Elevated inflation – persistent, not permanent: House View Q&A (2022 Outlook)

With the release of Aviva Investors’ House View 2022 Outlook, Michael Grady (MG), head of investment strategy and chief economist, discusses the firm’s current economic thinking and asset allocation views with Jennie Byun (JB), multi-asset and macro investment director.
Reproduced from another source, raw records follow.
(* Let $\mathcal A$ be a set of graphs, and let $\mathcal C$ be a bridge-stable class of connected graphs each of which is bridge-addable in $\mathcal A$. Then for $R_n\in_u\mathcal A$ (with $\mathcal A_n\ne\emptyset$), $\kappa^+(R_n,\mathcal C)$ is stochastically dominated by $1+\mathrm{Po}(1)$.
   Context: $\mathcal A_n$: graphs in $\mathcal A$ on vertex set $[n]$; $R_n\in_u\mathcal A$: uniform on $\mathcal A_n$. A connected graph $H$ is bridge-addable in $\mathcal A$ if whenever $G\in\mathcal A$ has a component isomorphic to $H$ and $e$ is a non-edge between that component and the rest of $G$, $G+e\in\mathcal A$. $\mathcal C$ bridge-stable: joining by an edge two disjoint graphs both in $\mathcal C$ yields a graph in $\mathcal C$, and joining by an edge two disjoint graphs exactly one of which is in $\mathcal C$ yields a graph not in $\mathcal C$. $\kappa(G,\mathcal C)$: number of components of $G$ in $\mathcal C$; $\kappa^+(G,\mathcal C)=\kappa(G,\mathcal C)$ if every component of $G$ is in $\mathcal C$, and $\kappa(G,\mathcal C)+1$ otherwise. $X$ is stochastically dominated by $Y$ if $\mathbb P(X>t)\le\mathbb P(Y>t)$ for all $t$. *)

theory Defs
  imports "HOL-Probability.Probability"
begin

text \<open>A (finite, simple, labelled) graph is a pair (V, E) of a vertex set V of naturals
  and a set E of 2-element subsets of V.\<close>
type_synonym graph = "nat set \<times> nat set set"

definition verts :: "graph \<Rightarrow> nat set" where "verts G = fst G"
definition edges :: "graph \<Rightarrow> nat set set" where "edges G = snd G"

definition is_graph :: "graph \<Rightarrow> bool" where
  "is_graph G \<longleftrightarrow> finite (verts G) \<and>
     (\<forall>e\<in>edges G. \<exists>u v. u \<noteq> v \<and> u \<in> verts G \<and> v \<in> verts G \<and> e = {u, v})"

definition reach :: "graph \<Rightarrow> nat \<Rightarrow> nat \<Rightarrow> bool" where
  "reach G = (\<lambda>u v. {u, v} \<in> edges G)\<^sup>*\<^sup>*"

definition connected_graph :: "graph \<Rightarrow> bool" where
  "connected_graph G \<longleftrightarrow> verts G \<noteq> {} \<and> (\<forall>u\<in>verts G. \<forall>v\<in>verts G. reach G u v)"

definition induced :: "graph \<Rightarrow> nat set \<Rightarrow> graph" where
  "induced G S = (S, {e \<in> edges G. e \<subseteq> S})"

definition components :: "graph \<Rightarrow> graph set" where
  "components G = {induced G {v \<in> verts G. reach G u v} | u. u \<in> verts G}"

definition graph_iso :: "graph \<Rightarrow> graph \<Rightarrow> bool" where
  "graph_iso G H \<longleftrightarrow> (\<exists>f. bij_betw f (verts G) (verts H) \<and>
     (\<forall>u\<in>verts G. \<forall>v\<in>verts G. {u, v} \<in> edges G \<longleftrightarrow> {f u, f v} \<in> edges H))"

definition add_edge :: "graph \<Rightarrow> nat \<Rightarrow> nat \<Rightarrow> graph" where
  "add_edge G u v = (verts G, insert {u, v} (edges G))"

definition join_by_edge :: "graph \<Rightarrow> graph \<Rightarrow> nat \<Rightarrow> nat \<Rightarrow> graph" where
  "join_by_edge G H u v = (verts G \<union> verts H, insert {u, v} (edges G \<union> edges H))"

definition iso_closed :: "graph set \<Rightarrow> bool" where
  "iso_closed \<C> \<longleftrightarrow> (\<forall>G H. G \<in> \<C> \<longrightarrow> is_graph H \<longrightarrow> graph_iso G H \<longrightarrow> H \<in> \<C>)"
lemma zetav_eq_lin_ext: "zetav v = lin_ext (\<lambda>p. vec (case_prod zeta p)) (v :: _ \<Rightarrow>\<^sub>0 'k::comm_ring_1)"
  unfolding zetav_def lin_ext_def by (simp add: single_eq_smul_vec)

section \<open>Passing face words through chi-words\<close>

lemma pass1_append:
  "pass1 i (xs @ ys) = (case pass1 i xs of (c, i') \<Rightarrow> case pass1 i' ys of (c', i'') \<Rightarrow> (c @ c', i''))"
  by (induction xs arbitrary: i) (auto split: prod.splits)

lemma passw_append_left:
  "passw (ds1 @ ds2) cs =
     (case passw ds2 cs of (cs1, e2) \<Rightarrow> case passw ds1 cs1 of (cs2, e1) \<Rightarrow> (cs2, e1 @ e2))"
  by (induction ds1) (auto split: prod.splits)

lemma passw_append_right:
  "passw ds (cs1 @ cs2) =
     (case passw ds cs1 of (c1, ds1) \<Rightarrow> case passw ds1 cs2 of (c2, ds2) \<Rightarrow> (c1 @ c2, ds2))"
  by (induction ds) (auto split: prod.splits simp: pass1_append)

lemma passw_Nil_right: "passw ds [] = ([], ds)"
  by (induction ds) auto

lemma length_passw: "length (snd (passw ds cs)) = length ds"
  by (induction ds) (auto split: prod.splits)

lemma pvalid_Nil [simp]: "pvalid (m, [])"
  by (simp add: pvalid_def)

lemma pvalid_Cons: "pvalid (m, d # ds) \<longleftrightarrow> d \<le> m + length ds \<and> pvalid (m, ds)"
  unfolding pvalid_def by (auto simp: less_Suc_eq_0_disj)

lemma pvalid_append: "pvalid (m, a @ b) \<longleftrightarrow> pvalid (m + length b, a) \<and> pvalid (m, b)"
  by (induction a) (auto simp: pvalid_Cons)

lemma pass1_bounded:
  assumes "i \<le> n" "\<forall>j\<in>set js. j < n"
  shows "(\<forall>k\<in>set (fst (pass1 i js)). k < Suc n) \<and> snd (pass1 i js) \<le> n"
  using assms
proof (induction js arbitrary: i)
  case Nil
  then show ?case by simp
next
  case (Cons j js)
  obtain c i' where z: "zgen i j = (c, i')" by force
  from Cons.prems z have "\<forall>k\<in>set c. k < Suc n" "i' \<le> n"
    by (auto simp: zgen_def split: if_splits)
  with Cons.IH[of i'] Cons.prems show ?case
    by (auto simp: z split: prod.splits)
qed

lemma passw_valid:
  assumes "pvalid (m, ds)" "\<forall>k\<in>set cs. k < m"
  shows "(\<forall>k\<in>set (fst (passw ds cs)). k < m + length ds) \<and> pvalid (m, snd (passw ds cs))"
  using assms
proof (induction ds)
  case Nil
  then show ?case by simp
next
  case (Cons d ds)
  obtain cs1 ds1 where p: "passw ds cs = (cs1, ds1)" by force
  obtain cs2 d' where q: "pass1 d cs1 = (cs2, d')" by force
  from Cons.prems have d: "d \<le> m + length ds" "pvalid (m, ds)" by (auto simp: pvalid_Cons)
  with Cons.IH Cons.prems p have cs1: "\<forall>k\<in>set cs1. k < m + length ds" "pvalid (m, ds1)" by auto
  from pass1_bounded[OF d(1) cs1(1)] q
  have "\<forall>k\<in>set cs2. k < Suc (m + length ds)" "d' \<le> m + length ds" by auto
  moreover have "length ds1 = length ds" using length_passw[of ds cs] p by simp
  ultimately show ?case using cs1 by (simp add: p q pvalid_Cons)
qed

lemma zeta_eq: "passw ds cs = (cs', ds') \<Longrightarrow> zeta (m, ds) (k, cs) = ((m + length ds, cs'), (m, ds'))"
  by (simp add: zeta_def)

lemma zeta_valid:
  assumes "pvalid x" "cvalid y" "fst y = fst x"
  shows "cvalid (fst (zeta x y)) \<and> pvalid (snd (zeta x y))
     \<and> fst (fst (zeta x y)) = fst x + length (snd x) \<and> fst (snd (zeta x y)) = fst x
     \<and> length (snd (snd (zeta x y))) = length (snd x)"
proof -
  obtain m ds cs where x: "x = (m, ds)" and y: "y = (m, cs)"
    using assms(3) by (cases x, cases y) auto
  obtain cs' ds' where p: "passw ds cs = (cs', ds')" by force
  from passw_valid[of m ds cs] assms p have "\<forall>k\<in>set cs'. k < m + length ds" "pvalid (m, ds')"
    by (auto simp: x y cvalid_def)
  moreover have "length ds' = length ds" using length_passw[of ds cs] p by simp
  ultimately show ?thesis by (simp add: zeta_def x y p cvalid_def)
qed

lemma zeta_pcat:
  assumes "fst x1 = fst x2 + length (snd x2)"
  shows "zeta (pcat x1 x2) y =
    (case zeta x2 y of (y', x2') \<Rightarrow> case zeta x1 y' of (y'', x1') \<Rightarrow> (y'', pcat x1' x2'))"
proof -
  obtain cs1 e2 where p1: "passw (snd x2) (snd y) = (cs1, e2)" by force
  obtain cs2 e1 where p2: "passw (snd x1) cs1 = (cs2, e1)" by force
  have "length e2 = length (snd x2)" using length_passw[of "snd x2" "snd y"] p1 by simp
  then show ?thesis
    using assms by (simp add: zeta_def pcat_def passw_append_left p1 p2)
qed

lemma zeta_ccat:
  assumes "fst y1 = fst x"
  shows "zeta x (ccat y1 y2) =
    (case zeta x y1 of (y1', x') \<Rightarrow> case zeta x' y2 of (y2', x'') \<Rightarrow> (ccat y1' y2', x''))"
proof -
  obtain c1 d1 where p1: "passw (snd x) (snd y1) = (c1, d1)" by force
  obtain c2 d2 where p2: "passw d1 (snd y2) = (c2, d2)" by force
  have "length d1 = length (snd x)" using length_passw[of "snd x" "snd y1"] p1 by simp
  then show ?thesis
    using assms by (simp add: zeta_def ccat_def passw_append_right p1 p2)
qed

lemma zeta_chi_unit: "zeta x (fst x, []) = ((fst x + length (snd x), []), x)"
  by (simp add: zeta_def passw_Nil_right)

lemma zeta_face_unit: "zeta (fst y, []) y = (y, (fst y, []))"
  by (simp add: zeta_def)

definition word_step :: "(nat \<Rightarrow> nat list \<Rightarrow> nat list \<Rightarrow> bool) \<Rightarrow> nat \<Rightarrow> nat list \<Rightarrow> nat list \<Rightarrow> bool" where
  "word_step cr n u v \<longleftrightarrow> (\<exists>c e p q. u = c @ p @ e \<and> v = c @ q @ e \<and> cr n p q)
      \<and> (\<forall>k\<in>set u. k < n) \<and> (\<forall>k\<in>set v. k < n)"

abbreviation word_conv :: "(nat \<Rightarrow> nat list \<Rightarrow> nat list \<Rightarrow> bool) \<Rightarrow> nat \<Rightarrow> nat list \<Rightarrow> nat list \<Rightarrow> bool" where
  "word_conv cr n \<equiv> (word_step cr n)\<^sup>*\<^sup>*"

lemma word_stepI:
  assumes "u = c @ p @ e" "v = c @ q @ e" "cr n p q" "\<forall>k\<in>set u. k < n" "\<forall>k\<in>set v. k < n"
  shows "word_step cr n u v"
  unfolding word_step_def using assms by blast

lemma word_stepE:
  assumes "word_step cr n u v"
  obtains c e p q where "u = c @ p @ e" "v = c @ q @ e" "cr n p q" "\<forall>k\<in>set u. k < n" "\<forall>k\<in>set v. k < n"
  using assms unfolding word_step_def by blast

lemma word_conv_bounded: "word_conv cr n u v \<Longrightarrow> \<forall>k\<in>set u. k < n \<Longrightarrow> \<forall>k\<in>set v. k < n"
  by (induction rule: rtranclp_induct) (simp_all add: word_step_def)

lemma word_conv_context:
  assumes "word_conv cr n u v" "\<forall>k\<in>set c. k < n" "\<forall>k\<in>set e. k < n"
  shows "word_conv cr n (c @ u @ e) (c @ v @ e)"
  using assms(1)
proof (induction rule: rtranclp_induct)
  case base
  then show ?case by simp
next
  case (step w v)
  from step(2) obtain c' e' p q where "w = c' @ p @ e'" "v = c' @ q @ e'" "cr n p q"
    "\<forall>k\<in>set w. k < n" "\<forall>k\<in>set v. k < n" by (rule word_stepE)
  then have "word_step cr n (c @ w @ e) (c @ v @ e)"
    using assms(2,3) by (intro word_stepI[of _ "c @ c'" p "e' @ e" _ q]) auto
  with step(3) show ?case by (rule rtranclp.rtrancl_into_rtrancl)
qed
JB: The above consensus growth expectations we forecast at the start of 2021 broadly played out. What are your thoughts as we enter 2022?

MG: Global growth is expected to be around six per cent for 2021. Looking ahead to 2022, we expect growth to moderate to around 4.25 per cent, broadly in line with consensus. Across all major economies, we expect a slowing from the rapid pace of recovery in 2021, but a still above-trend pace of growth, reflecting the expected full reopening of the service sector, pent-up demand, strong household and corporate balance sheets and easy (albeit less so than in 2020/21) monetary and fiscal policy.

JB: What are the main risks to this outlook?

MB: The new Omicron variant of COVID-19 could present a challenge that may require - at least temporarily - the re-introduction of restrictions on economic activity. And it may not be the last variant that causes concern. However, we expect Omicron or other variants to defer growth rather than create a permanent loss, so long as income support measures are once again available. The risks around the growth outlook in China are also likely tilted to the downside, as the country continues to look to deleverage the property sector and pursue “common prosperity”.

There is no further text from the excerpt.